- Originally proposed by: Walter A. Shewhart

Process observations
- Rational subgroup size: n > 1
- Measurement type: Number of nonconformances in a sample
- Quality characteristic type: Attributes data
- Underlying distribution: Poisson distribution

Performance
- Size of shift to detect: ≥ 1.5σ

Process variation chart
- Not applicable

Process mean chart
- Center line: $\bar c = \frac {\sum_{i=1}^m \sum_{j=1}^n \mbox{no. of defects for } x_{ij}}{m}$
- Control limits: $\bar c \pm 3\sqrt{\bar c}$
- Plotted statistic: $\bar c_i = \sum_{j=1}^n \mbox{no. of defects for } x_{ij}$

= C-chart =

In statistical quality control, the c-chart is a type of control chart used to monitor "count"-type data, typically total number of nonconformities per unit. It is also occasionally used to monitor the total number of events occurring in a given unit of time.

The c-chart differs from the p-chart in that it accounts for the possibility of more than one nonconformity per inspection unit, and that (unlike the p-chart and u-chart) it requires a fixed sample size. The p-chart models "pass"/"fail"-type inspection only, while the c-chart (and u-chart) give the ability to distinguish between (for example) 2 items which fail inspection because of one fault each and the same two items failing inspection with 5 faults each; in the former case, the p-chart will show two non-conformant items, while the c-chart will show 10 faults.

Nonconformities may also be tracked by type or location which can prove helpful in tracking down assignable causes.

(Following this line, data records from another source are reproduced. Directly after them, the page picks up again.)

lemma tendsto_qpoch_1:
  assumes "f \<longlonglongrightarrow> 0"
  shows "(\<lambda>n. qpoch (f n) q k) \<longlonglongrightarrow> 1"
proof -
  have "(\<lambda>n. \<Prod>j<k. 1 - f n * of_real (q ^ j)) \<longlonglongrightarrow> (\<Prod>j<k. 1 - 0 * of_real (q ^ j))"
    by (intro tendsto_prod tendsto_intros assms)
  then show ?thesis unfolding qpoch_def by simp
qed

lemma qpow_linear_tendsto_0:
  assumes q: "0 < q" "q < 1" and a: "a > 0"
  shows "(\<lambda>n. qpow q (of_real (a * real n) + b)) \<longlonglongrightarrow> 0"
proof (rule tendsto_norm_zero_cancel)
  have norm_eq: "norm (qpow q (of_real (a * real n) + b)) = exp (Re b * ln q) * exp (a * ln q) ^ n" for n
  proof -
    have "norm (qpow q (of_real (a * real n) + b)) = exp (Re b * ln q + real n * (a * ln q))"
      unfolding qpow_def by (simp add: algebra_simps)
    then show ?thesis
      by (simp add: exp_add exp_of_nat_mult)
  qed
  have "exp (a * ln q) < 1"
    using q a by (simp add: mult_pos_neg)
  then have "(\<lambda>n. exp (Re b * ln q) * exp (a * ln q) ^ n) \<longlonglongrightarrow> exp (Re b * ln q) * 0"
    by (intro tendsto_mult_left LIMSEQ_power_zero) simp
  then show "(\<lambda>n. norm (qpow q (of_real (a * real n) + b))) \<longlonglongrightarrow> 0"
    unfolding norm_eq by simp
qed

lemma sum_lessThan_eq_choose_2: "(\<Sum>j<k. j) = k choose 2"
proof (induction k)
  case (Suc k)
  then show ?case using binomial_Suc_Suc[of k 1] by (simp add: numeral_2_eq_2)
qed simp

lemma prod_lessThan_power: "(\<Prod>j<k. (x::'a::comm_monoid_mult) ^ j) = x ^ (k choose 2)"
  by (simp add: power_sum[symmetric] sum_lessThan_eq_choose_2)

Examples of processes suitable for monitoring with a c-chart include:
- Monitoring the number of voids per inspection unit in injection molding or casting processes
- Monitoring the number of discrete components that must be re-soldered per printed circuit board
- Monitoring the number of product returns per day

The Poisson distribution is the basis for the chart and requires the following assumptions:
- The number of opportunities or potential locations for nonconformities is very large
- The probability of nonconformity at any location is small and constant
- The inspection procedure is same for each sample and is carried out consistently from sample to sample

The control limits for this chart type are $\bar c \pm 3\sqrt{\bar c}$ where $\bar c$ is the estimate of the long-term process mean established during control-chart setup.